Runner vane for axial-flow hydraulic machinery

Abstract

A camber line in a radial section of a runner vane has a curved part extending near the tip of the runner vane is convex toward the front surface of the runner vane. The runner vane is formed in a shape meeting a condition expressed by: ρs<ρp, where ρs is the radius of curvature of the back surface of the runner vane and ρp is the radius of curvature of the front surface of the runner vane. The runner vane of this shape suppresses flows toward the tip thereof to moderate the variation of flow velocity in the turning direction. Consequently, loss can be reduced without impeding the recover of pressure in a draft tube.

Description

BACKGROUND OF THE INVENTION

1. Field of the Invention

The present invention relates to a runner vane for axial-flow hydraulic machinery and, more specifically, to techniques that improve its performance by optimizing the shape of a runner vane.

2. Description of the Related Art

Kaplan turbines and bulb turbines are known axial-flow hydraulic machines. FIG. 14 shows an essential part of a hydroelectric power station equipped with an axial-flow hydraulic turbine in a sectional view. Referring to FIG. 14, running water flows downstream into a casing 1. Then, the running water flows through stays 2 and movable guide vanes 3 for regulating the flow rate of the running water to a runner provided with runner vanes 4 and connected to a generator by a main shaft.

The running water exerts force on the runner vanes 4 to rotate a boss 5 holding the runner vanes 4. Consequently, the generator is driven to generate electric power. The running water flows through the runner vanes 4 into a draft tube 6. Then, the running water flows downstream or is discharged into a lower reservoir through the draft tube 6.

FIG. 15 shows the runner vane. Since a gap is formed between the tip 7 of the runner vane 4 and a discharge ring 8, the running water flows as a leakage flow through the gap. When the amount of the leakage flow is large, the hydraulic force of the running water cannot be fully imparted to the runner vanes 4 and the loss increases.

When the runner vanes 4 do not overlap each other in a section perpendicular to the axis “C” of the runner, the running water flows as a through flow in a circumferential space where the velocity of the running water is particularly high, namely, a space in the vicinity of the tips 7 of the runner vanes 4, without acting on the runner vanes 4.

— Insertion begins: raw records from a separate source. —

(* Let $G$ be a finite simple graph with $n$ vertices and minimum degree $\delta$ satisfying $1{,}000 \le \delta \le 24{,}000$. Then $$\gamma_s(G) \le \frac{\sqrt{\ln(\delta+1)\,(11.8 - 0.48\ln\delta)} + 0.25}{\sqrt{\delta+1}}\, n.$$
   Context: For a vertex $v$ of $G$, $N[v]$ denotes the closed neighbourhood of $v$ (i.e. $v$ together with its neighbours). A signed domination function of $G$ is a function $f: V(G) \to \{-1, 1\}$ such that $\sum_{x \in N[v]} f(x) \ge 1$ for every vertex $v \in V(G)$. The weight of $f$ is $f(V(G)) = \sum_{v \in V(G)} f(v)$. The signed domination number $\gamma_s(G)$ is the minimum weight of a signed domination function of $G$. *)

theory Defs
  imports Complex_Main
begin

definition simple_graph :: "'a set \<Rightarrow> ('a \<Rightarrow> 'a \<Rightarrow> bool) \<Rightarrow> bool" where
  "simple_graph V E \<longleftrightarrow> finite V \<and> (\<forall>u v. E u v \<longrightarrow> u \<in> V \<and> v \<in> V)
     \<and> (\<forall>u v. E u v \<longrightarrow> E v u) \<and> (\<forall>v. \<not> E v v)"

definition neighbours :: "'a set \<Rightarrow> ('a \<Rightarrow> 'a \<Rightarrow> bool) \<Rightarrow> 'a \<Rightarrow> 'a set" where
  "neighbours V E v = {u \<in> V. E v u}"

definition closed_nbhd :: "'a set \<Rightarrow> ('a \<Rightarrow> 'a \<Rightarrow> bool) \<Rightarrow> 'a \<Rightarrow> 'a set" where
  "closed_nbhd V E v = insert v (neighbours V E v)"

definition degree :: "'a set \<Rightarrow> ('a \<Rightarrow> 'a \<Rightarrow> bool) \<Rightarrow> 'a \<Rightarrow> nat" where
  "degree V E v = card (neighbours V E v)"
(* Let $M$ be a matroid, and suppose that $M\cong M_1\mathbin{\Box}\cdots\mathbin{\Box} M_k$ and $M\cong N_1\mathbin{\Box}\cdots\mathbin{\Box} N_r$, where all the matroids $M_i$ and $N_j$ are irreducible (and the factors in each product are taken on pairwise disjoint ground sets). Then $k=r$ and $M_i\cong N_i$ for $1\leq i\leq k$.
   Context: For a matroid $M$ on a finite set $S$ write $\rho_M$ for its rank function, $\rho(M)=\rho_M(S)$, $\nu_M(A)=|A|-\rho_M(A)$ for its nullity function, and $\lambda_M(A)=\rho(M)-\rho_M(A)$ for its rank-lack function. For matroids $M$ on $S$ and $N$ on $T$ with $S\cap T=\emptyset$, the free product $M\mathbin{\Box} N$ is the matroid on $S\cup T$ whose independent sets are those $A\subseteq S\cup T$ such that $A\cap S$ is independent in $M$ and $\lambda_M(A\cap S)\geq \nu_N(A\cap T)$. Free product is associative, so iterated free products need no parentheses. A matroid $M$ is irreducible if it is nonempty (has nonempty ground set) and every factorization of $M$ as a free product of matroids contains $M$ itself as a factor; the empty matroid is not irreducible. *)

theory Defs
  imports Main
begin

type_synonym 'a matroid = "'a set \<times> ('a set \<Rightarrow> bool)"

definition ground :: "'a matroid \<Rightarrow> 'a set" where
  "ground M = fst M"

definition indep :: "'a matroid \<Rightarrow> 'a set \<Rightarrow> bool" where
  "indep M A = snd M A"

definition matroid :: "'a matroid \<Rightarrow> bool" where
  "matroid M \<longleftrightarrow>
     finite (ground M) \<and>
     indep M {} \<and>
     (\<forall>A. indep M A \<longrightarrow> A \<subseteq> ground M) \<and>
     (\<forall>A B. indep M A \<and> B \<subseteq> A \<longrightarrow> indep M B) \<and>
     (\<forall>A B. indep M A \<and> indep M B \<and> card A < card B \<longrightarrow>
        (\<exists>x\<in>B - A. indep M (insert x A)))"

definition rk :: "'a matroid \<Rightarrow> 'a set \<Rightarrow> nat" where
  "rk M A = Max (card ` {B. B \<subseteq> A \<and> indep M B})"

definition nullity :: "'a matroid \<Rightarrow> 'a set \<Rightarrow> nat" where
  "nullity M A = card A - rk M A"

definition ranklack :: "'a matroid \<Rightarrow> 'a set \<Rightarrow> nat" where
  "ranklack M A = rk M (ground M) - rk M A"

text \<open>Free product (intended for matroids on disjoint ground sets).\<close>
definition free_product :: "'a matroid \<Rightarrow> 'a matroid \<Rightarrow> 'a matroid" where
  "free_product M N =
     (ground M \<union> ground N,
      \<lambda>A. A \<subseteq> ground M \<union> ground N \<and> indep M (A \<inter> ground M) \<and>
          ranklack M (A \<inter> ground M) \<ge> nullity N (A \<inter> ground N))"

definition empty_matroid :: "'a matroid" where
  "empty_matroid = ({}, \<lambda>A. A = {})"

definition free_product_list :: "'a matroid list \<Rightarrow> 'a matroid" where
  "free_product_list Ms = foldr free_product Ms empty_matroid"

definition pairwise_disjoint_grounds :: "'a matroid list \<Rightarrow> bool" where
  "pairwise_disjoint_grounds Ms \<longleftrightarrow>
     (\<forall>i<length Ms. \<forall>j<length Ms. i \<noteq> j \<longrightarrow> ground (Ms ! i) \<inter> ground (Ms ! j) = {})"

definition irreducible_matroid :: "'a matroid \<Rightarrow> bool" where
  "irreducible_matroid M \<longleftrightarrow>
     matroid M \<and> ground M \<noteq> {} \<and>
     (\<forall>Ms. (\<forall>N\<in>set Ms. matroid N) \<and> pairwise_disjoint_grounds Ms \<and>
            free_product_list Ms = M \<longrightarrow> M \<in> set Ms)"

definition matroid_iso :: "'a matroid \<Rightarrow> 'b matroid \<Rightarrow> bool" where
  "matroid_iso M N \<longleftrightarrow>
     (\<exists>f. bij_betw f (ground M) (ground N) \<and>
          (\<forall>A\<subseteq>ground M. indep M A \<longleftrightarrow> indep N (f ` A)))"

end

theory Submission
  imports Defs "HOL-Combinatorics.Transposition"
begin

text \<open>Say that \<open>S\<close> splits \<open>P\<close> if \<open>P = P|S \<box> P/S\<close>; in a free product \<open>A \<box> Q\<close> the ground set
  of \<open>A\<close> splits it with \<open>A\<close> and \<open>Q\<close> as restriction and contraction. Splitting sets are
  characterised by a rank condition: \<open>X\<close> is independent as soon as \<open>X \<inter> S\<close> is and
  \<open>|X| \<le> r(X \<union> S)\<close>. If \<open>S\<close> and \<open>T\<close> split \<open>P\<close> and \<open>P|S\<close>, \<open>P|T\<close> are irreducible, then
  \<open>T \<inter> S\<close> splits \<open>P|S\<close>, so \<open>S\<close> and \<open>T\<close> are equal or disjoint. If they are disjoint, the rank
  condition forces every small subset of \<open>S\<close> to be independent, so \<open>{s}\<close> splits \<open>P|S\<close> and
  \<open>S = {s}\<close>, \<open>T = {t}\<close>; moreover \<open>s\<close> and \<open>t\<close> are then clones, so the transposition of \<open>s\<close>
  and \<open>t\<close> is an automorphism of \<open>P\<close> mapping \<open>S\<close> to \<open>T\<close>. Either way the first factors and
  the remaining products of two factorisations are isomorphic, and induction on the number
  of factors finishes the proof.\<close>

lemma matroidI:
  assumes "finite (ground P)" and "indep P {}"
    and "\<And>A. indep P A \<Longrightarrow> A \<subseteq> ground P"
    and "\<And>A B. indep P A \<Longrightarrow> B \<subseteq> A \<Longrightarrow> indep P B"
    and "\<And>A B. indep P A \<Longrightarrow> indep P B \<Longrightarrow> card A < card B \<Longrightarrow> \<exists>x\<in>B - A. indep P (insert x A)"
  shows "matroid P"
  using assms unfolding matroid_def by blast

lemma matroid_finite_ground: "matroid P \<Longrightarrow> finite (ground P)"
  by (simp add: matroid_def)

lemma matroid_indep_empty: "matroid P \<Longrightarrow> indep P {}"
  by (simp add: matroid_def)

lemma matroid_indep_subset_ground: "matroid P \<Longrightarrow> indep P A \<Longrightarrow> A \<subseteq> ground P"
  by (simp add: matroid_def)

lemma matroid_indep_subset: "matroid P \<Longrightarrow> indep P A \<Longrightarrow> B \<subseteq> A \<Longrightarrow> indep P B"
  unfolding matroid_def by blast

lemma matroid_augment:
  "matroid P \<Longrightarrow> indep P A \<Longrightarrow> indep P B \<Longrightarrow> card A < card B \<Longrightarrow> \<exists>x\<in>B - A. indep P (insert x A)"
  unfolding matroid_def by blast

lemma matroid_indep_finite: "matroid P \<Longrightarrow> indep P A \<Longrightarrow> finite A"
  using matroid_finite_ground matroid_indep_subset_ground finite_subset by metis

lemma matroid_eqI:
  assumes "ground M = ground N" and "\<And>A. indep M A \<longleftrightarrow> indep N A"
  shows "M = N"
  using assms by (simp add: ground_def indep_def prod_eq_iff fun_eq_iff)

lemma finite_indep_subsets: "matroid P \<Longrightarrow> finite {B. B \<subseteq> X \<and> indep P B}"
  by (rule finite_subset[of _ "Pow (ground P)"]) (auto dest: matroid_indep_subset_ground matroid_finite_ground)

lemma card_le_rk: "matroid P \<Longrightarrow> B \<subseteq> X \<Longrightarrow> indep P B \<Longrightarrow> card B \<le> rk P X"
  unfolding rk_def by (rule Max_ge) (auto intro: finite_indep_subsets)

lemma rk_attained:
  assumes "matroid P"
  obtains B where "B \<subseteq> X" "indep P B" "card B = rk P X"
proof -
  have "card ` {B. B \<subseteq> X \<and> indep P B} \<noteq> {}"
    using matroid_indep_empty[OF assms] by blast
  then have "rk P X \<in> card ` {B. B \<subseteq> X \<and> indep P B}"
    unfolding rk_def using finite_indep_subsets[OF assms] by (intro Max_in) auto
  then show thesis using that by force
qed

lemma rk_mono:
  assumes "matroid P" and "X \<subseteq> Y"
  shows "rk P X \<le> rk P Y"
proof -
  obtain B where B: "B \<subseteq> X" "indep P B" "card B = rk P X"
    using rk_attained[OF assms(1)] .
  have "B \<subseteq> Y" using B(1) assms(2) by (rule subset_trans)
  then show ?thesis using card_le_rk[OF assms(1) _ B(2)] B(3) by metis
qed

lemma rk_le_card:
  assumes "matroid P" and "finite X"
  shows "rk P X \<le> card X"
proof -
  obtain B where B: "B \<subseteq> X" "indep P B" "card B = rk P X"
    using rk_attained[OF assms(1)] .
  then show ?thesis using card_mono[OF assms(2) B(1)] by simp
qed

lemma rk_empty: "matroid P \<Longrightarrow> rk P {} = 0"
  using rk_le_card[of P "{}"] by simp

lemma rk_indep:
  assumes "matroid P" and "indep P X"
  shows "rk P X = card X"
  using card_le_rk[OF assms(1) order_refl assms(2)] rk_le_card[OF assms(1) matroid_indep_finite[OF assms]]
  by simp

lemma indep_if_card_le_rk:
  assumes "matroid P" and "finite X" and "card X \<le> rk P X"
  shows "indep P X"
proof -
  obtain B where "B \<subseteq> X" "indep P B" "card B = rk P X"
    using rk_attained[OF assms(1)] .
  with assms card_seteq[of X B] show ?thesis by auto
qed

lemma indep_iff_rk_eq_card:
  assumes "matroid P" and "finite X"
  shows "indep P X \<longleftrightarrow> rk P X = card X"
  using rk_indep[OF assms(1)] indep_if_card_le_rk[OF assms] by auto

lemma basis_maximal:
  assumes "matroid P" and "B \<subseteq> C" "C \<subseteq> S" "indep P C" "card B = rk P S"
  shows "C = B"
proof -
  have "card C \<le> card B" using card_le_rk[OF assms(1) assms(3,4)] assms(5) by simp
  then show ?thesis using card_seteq[OF matroid_indep_finite[OF assms(1,4)] assms(2)] by simp
qed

Distribution of flow velocity is liable to be disturbed at the trailing edge of the runner vanes 4 in the vicinity of the tips 7 by the through flow of the running water and the gap between the runner vanes 4 and the discharge ring 8. The pressure of the disturbed flow cannot be satisfactorily recovered in the draft tube 6 resulting in performance deterioration.

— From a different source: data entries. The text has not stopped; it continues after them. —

(* Assume (F1), (F2), (H1), (H2). Let $(c,\varphi)$ be a solution of the travelling wave problem and let $\Phi(\xi)=\int_{-\infty}^{\xi}\varphi(s)\,ds$. Then there exists $\gamma>0$ such that $$\sup_{\xi\in\mathbb{R}}\varphi(\xi)e^{-\gamma\xi}<\infty\quad\text{and}\quad\sup_{\xi\in\mathbb{R}}\Phi(\xi)e^{-\gamma\xi}<\infty.$$
   Context: Fix constants $d>0$, $\tau\geq0$, $K>0$, $f:[0,K]^2\to\mathbb{R}$ and $h:\mathbb{R}\to\mathbb{R}$ (partial derivatives of $f$ assumed to exist). (F1) $f\in C([0,K]^2,\mathbb{R})$, $f(0,0)=f(K,K)=0$, $f(u,u)>0$ for $u\in(0,K)$, $\partial_2f(u,v)\geq0$ on $[0,K]^2$. (F2) There exist $M>0$, $\sigma\in(0,1]$ with $0\leq \partial_1f(0,0)u+\partial_2f(0,0)v-f(u,v)\leq M(u+v)^{1+\sigma}$ on $[0,K]^2$, and $\partial_1f(K,K)+\partial_2f(K,K)<0$. (H1) $h\ge0$, even, integrable, $\int_{\mathbb{R}}h=1$. (H2) There is $\lambda_0\in(0,\infty]$ with $\int_0^\infty h(x)e^{\lambda x}dx<\infty$ for all $\lambda<\lambda_0$. Notation: $\Delta_1\varphi(\xi)=\varphi(\xi+1)-2\varphi(\xi)+\varphi(\xi-1)$, $(h*\varphi)(\xi)=\int h(y)\varphi(\xi-y)dy$. A solution $(c,\varphi)$ of the travelling wave problem consists of $c>0$ and a differentiable $\varphi:\mathbb{R}\to\mathbb{R}$ with $-c\varphi'(\xi)+d\Delta_1\varphi(\xi)+f(\varphi(\xi),(h*\varphi)(\xi-c\tau))=0$ for all $\xi$, $\varphi(-\infty)=0$, $\varphi(+\infty)=K$, $0\le\varphi\le K$. *)

theory Defs
  imports "HOL-Analysis.Analysis"
begin

definition partials_on_square ::
  "real \<Rightarrow> (real \<Rightarrow> real \<Rightarrow> real) \<Rightarrow> (real \<Rightarrow> real \<Rightarrow> real) \<Rightarrow> (real \<Rightarrow> real \<Rightarrow> real) \<Rightarrow> bool" where
  "partials_on_square K f f1 f2 \<longleftrightarrow>
     (\<forall>u\<in>{0..K}. \<forall>v\<in>{0..K}.
        ((\<lambda>x. f x v) has_real_derivative f1 u v) (at u within {0..K}) \<and>
        ((\<lambda>y. f u y) has_real_derivative f2 u v) (at v within {0..K}))"

definition cond_F1 :: "real \<Rightarrow> (real \<Rightarrow> real \<Rightarrow> real) \<Rightarrow> (real \<Rightarrow> real \<Rightarrow> real) \<Rightarrow> bool" where
  "cond_F1 K f f2 \<longleftrightarrow>
     continuous_on ({0..K} \<times> {0..K}) (\<lambda>(u, v). f u v) \<and>
     f 0 0 = 0 \<and> f K K = 0 \<and>
     (\<forall>u\<in>{0<..<K}. f u u > 0) \<and>
     (\<forall>u\<in>{0..K}. \<forall>v\<in>{0..K}. f2 u v \<ge> 0)"

definition cond_F2 ::
  "real \<Rightarrow> (real \<Rightarrow> real \<Rightarrow> real) \<Rightarrow> (real \<Rightarrow> real \<Rightarrow> real) \<Rightarrow> (real \<Rightarrow> real \<Rightarrow> real) \<Rightarrow> bool" where
  "cond_F2 K f f1 f2 \<longleftrightarrow>
     (\<exists>M>0. \<exists>\<sigma>\<in>{0<..1}. \<forall>u\<in>{0..K}. \<forall>v\<in>{0..K}.
        0 \<le> f1 0 0 * u + f2 0 0 * v - f u v \<and>
        f1 0 0 * u + f2 0 0 * v - f u v \<le> M * (u + v) powr (1 + \<sigma>)) \<and>
     f1 K K + f2 K K < 0"

definition cond_H1 :: "(real \<Rightarrow> real) \<Rightarrow> bool" where
  "cond_H1 h \<longleftrightarrow> (\<forall>x. h x \<ge> 0) \<and> (\<forall>x. h (- x) = h x) \<and>
     integrable lborel h \<and> (\<integral>x. h x \<partial>lborel) = 1"

definition cond_H2 :: "(real \<Rightarrow> real) \<Rightarrow> bool" where
  "cond_H2 h \<longleftrightarrow> (\<exists>lam0::ereal. 0 < lam0 \<and>
     (\<forall>lam::real. ereal lam < lam0 \<longrightarrow>
        set_integrable lborel {0..} (\<lambda>x. h x * exp (lam * x))))"

definition discr_lap :: "(real \<Rightarrow> real) \<Rightarrow> real \<Rightarrow> real" where
  "discr_lap \<phi> \<xi> = \<phi> (\<xi> + 1) - 2 * \<phi> \<xi> + \<phi> (\<xi> - 1)"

Centrifugal force causes the running water to tend to flow toward the circumferential space in the vicinity of the tips 7 and the running water flowing at high velocity in the circumferential space causes the pressure on the suction surfaces, namely, the back surfaces, of the runner vanes 4 to drop.

Consequently, cavitation is liable to occurs in a part including the gap between the runner vanes 4 and the discharge ring 8 causing cavitation erosion. Thus, the suppression of cavitation is important as well as the reduction of loss that cause performance degradation for the extension of the runner vanes 4. Known techniques relevant to the present invention are disclosed in Japanese Patent documents 1, 2 and 3 as follows.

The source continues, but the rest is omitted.